Sunday, July 17, 2011

reason Japanese bartenders are the world's best

reason Japanese bartenders are the world's bestSuffice to say,by bartenders I am thinking neither of college students filling pitchers- and occasionally themselves-from a leaky keg, nor of hostesses tipping Suntory Royal into a bleary-eyed salaryman’s glass with their left hand while otherwise engaging their right.
No,the bartenders we need consider here are inheritors of a noble tradition to whose Western imperatives they have added their own special Japanese je ne sais quoi touch of Zen in the night; a dash of obsessive compulsion and the stirring and unshaken belief that- by God- booze matters.
Tokyo's best bartenders place substance a long way ahead of style when it comes to mixing your drinks.

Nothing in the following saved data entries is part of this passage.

text \<open>
  Since z is injective, a scattering sequence is z \<circ> h for an integer walk h from -1 back to -1
  with steps \<plusminus>1 inside {0..M}. A maximal run at levels \<ge> n starts exactly after an up-step
  n - 1 \<rightarrow> n, and it has length at least 2 exactly when this step is followed by n \<rightarrow> n + 1.
  So k_n counts up-steps into n and b_n counts climbs n - 1, n, n + 1. Every climb uses an
  up-step into n and one into n + 1; since the walk starts below n, the first up-step into n + 1 is
  part of a climb; and no climb passes the top level M. Conversely, a walk
  is assembled from excursions (a, b), each rising from a to b and then descending to just above
  the start of the next one; its counts at level n are the numbers of excursions with a < n \<le> b,
  resp. a < n < b, and a suitable list of excursions is built level by level.
\<close>

section \<open>Counting patterns in integer walks\<close>

fun up_count :: "int \<Rightarrow> int list \<Rightarrow> nat" where
  "up_count n (x # y # r) = (if x = n - 1 \<and> y = n then 1 else 0) + up_count n (y # r)"
| "up_count n _ = 0"

fun climb_count :: "int \<Rightarrow> int list \<Rightarrow> nat" where
  "climb_count n (x # y # w # r) =
     (if x = n - 1 \<and> y = n \<and> w = n + 1 then 1 else 0) + climb_count n (y # w # r)"
| "climb_count n _ = 0"

fun unit_steps :: "int list \<Rightarrow> bool" where
  "unit_steps (x # y # r) \<longleftrightarrow> \<bar>y - x\<bar> = 1 \<and> unit_steps (y # r)"
| "unit_steps _ \<longleftrightarrow> True"

lemma up_count_Cons:
  "up_count n (x # r) = (if r \<noteq> [] \<and> x = n - 1 \<and> hd r = n then 1 else 0) + up_count n r"
  by (cases r) auto

lemma climb_count_Cons:
  "climb_count n (x # r) =
     (if length r \<ge> 2 \<and> x = n - 1 \<and> hd r = n \<and> hd (tl r) = n + 1 then 1 else 0) + climb_count n r"
  by (cases "(n, x # r)" rule: climb_count.cases) auto

lemma unit_steps_Cons: "unit_steps (x # r) \<longleftrightarrow> (r = [] \<or> \<bar>hd r - x\<bar> = 1) \<and> unit_steps r"
  by (cases r) auto

lemma up_count_append:
  "up_count n (xs @ ys) = up_count n xs + up_count n ys +
     (if xs \<noteq> [] \<and> ys \<noteq> [] \<and> last xs = n - 1 \<and> hd ys = n then 1 else 0)"
  by (induction xs) (auto simp: up_count_Cons)

lemma up_count_append_desc:
  "xs = [] \<or> ys = [] \<or> hd ys < last xs \<Longrightarrow> up_count n (xs @ ys) = up_count n xs + up_count n ys"
  by (auto simp: up_count_append)

lemma climb_count_append_desc:
  "xs = [] \<or> ys = [] \<or> hd ys < last xs \<Longrightarrow> climb_count n (xs @ ys) = climb_count n xs + climb_count n ys"
proof (induction xs)
  case (Cons x xs)
  then show ?case
    by (cases xs) (auto simp: climb_count_Cons hd_append Suc_le_eq)
qed simp

lemma unit_steps_append:
  "unit_steps xs \<Longrightarrow> unit_steps ys \<Longrightarrow> xs = [] \<or> ys = [] \<or> \<bar>hd ys - last xs\<bar> = 1 \<Longrightarrow>
   unit_steps (xs @ ys)"
  by (induction xs) (auto simp: unit_steps_Cons hd_append)

lemma unit_steps_snoc: "unit_steps (xs @ [x]) \<longleftrightarrow> unit_steps xs \<and> (xs = [] \<or> \<bar>x - last xs\<bar> = 1)"
  by (induction xs) (auto simp: unit_steps_Cons)

lemma unit_steps_rev: "unit_steps (rev xs) \<longleftrightarrow> unit_steps xs"
  by (induction xs) (auto simp: unit_steps_Cons unit_steps_snoc last_rev abs_minus_commute)

lemma unit_steps_iff_nth: "unit_steps h \<longleftrightarrow> (\<forall>i. Suc i < length h \<longrightarrow> \<bar>h ! Suc i - h ! i\<bar> = 1)"
proof (induction h rule: unit_steps.induct)
  case (1 x y r)
  show ?case
  proof
    assume "unit_steps (x # y # r)"
    then show "\<forall>i. Suc i < length (x # y # r) \<longrightarrow> \<bar>(x # y # r) ! Suc i - (x # y # r) ! i\<bar> = 1"
      using 1 by (auto simp: nth_Cons split: nat.splits)
  next
    assume steps: "\<forall>i. Suc i < length (x # y # r) \<longrightarrow> \<bar>(x # y # r) ! Suc i - (x # y # r) ! i\<bar> = 1"
    then have "\<bar>y - x\<bar> = 1" by (metis One_nat_def Suc_less_eq length_Cons nth_Cons_0 nth_Cons_Suc zero_less_Suc)
    moreover have "\<forall>i. Suc i < length (y # r) \<longrightarrow> \<bar>(y # r) ! Suc i - (y # r) ! i\<bar> = 1"
      using steps by (metis Suc_less_eq length_Cons nth_Cons_Suc)
    ultimately show "unit_steps (x # y # r)" using 1 by simp
  qed
qed auto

And cocktails matter most.
Attitude

Japanese bartenders do cocktails like chemistry experiments and, faced with the precision of their measurements,half the lab personnel at Cal Tech would slink away in shame,wondering if it’s too late to re-train for refrigerator repair.
But it’s more than precision; they are masters of their arcane mysteries and insouciant enough (should your Japanese be up to it) to discuss proper gin viscosity,the merits of shaking to cha cha cha or samba rhythms or the correct bitters for mango-infused grappa.

Presentation

Recall, if you will, buying that emerald and diamond brooch at Tiffany’s last year and remember how the salesman lovingly laid it on its pad with a deference suggesting you were in the presence of a holy relic,a talisman not only of transcendent beauty but one capable of redeeming a fallen human race.
That’s pretty much the way your cocktail arrives. You’re almost afraid to breathe on it.
When barman Tom Cruise in the movie “Cocktail” kept three bottles spinning in the air,flashed a boyish grin at four admirers, and plopped down a dripping drink on a sodden napkin, he demonstrated conclusively that (despite what you may have read in the Enquirer) he is neither Japanese nor a Japanese barman.
Flair in all the wrong places

Ritual


Well,yes,there are differences between tea ceremony and the Japanese Way of the Cocktail; crystal glassware and polished oaken bars are not quite wabi sabi and tatami mats. And a good daiquiri, while slightly greenish, will not often be confused with matcha -- either while drinking it or 30 minutes later.

Still,tea ceremony and the role the tea master plays in it informs the cocktail in Japan as surely as Western cowboy movies’ “Gimme a shot of rye -- and leave the bottle,” does American (at least) drinking habits.
In the end,for the Japanese barman-sensei, ceremony shapes everything.
His brief is to provide an elegant and ritual pause, a retreat, if not an escape, from a world which (it’s true,I swear) is not always entirely satisfactory.
In Japan, you pay for the drink,of course, but for its context as much as its content.

Martinis can be made in jam jars and slurped lukewarm as you lie on the kitchen floor in your underwear. And, depending on how your life is going at any given time,that may not be a bad way to proceed.

It is not,however,the experience the Japanese barman attempts to recreate.He does not present himself in crisp white shirt, vest, sincere bow-tie and a shocking absence of piercing,tattooing and five-day beard so that you can demonstrate that the road of excess leads to the palace of wisdom.

The dark side

Sometimes an elegant and ritual pause is a very fine thing, and sometimes you just want a drink. Fast.

A real drink, mind you, one that doesn’t appear to be a child’s portion and one that doesn’t require the barman (as mine in Fukuoka, a former Zen monk, did) to finish breathing zazen while he stirs -- keeps the bourbon from being bruised, don’t you know.

And sometimes, you’d rather not have an evening of drinks cost more than minor heart surgery and have to beg for peanuts only to discover hours later that you paid ¥100 apiece for them.

In short, sometimes grace, talent, ceremony and the silken tie of a noble tradition are not enough and you yearn to snatch your host by one of his slow moving hands and snarl, “Vodka marty, now! And keep ‘em comin’, dammit.”
You may even hope that a couple thousand yen will get the job done. If so, you are probably in the wrong country.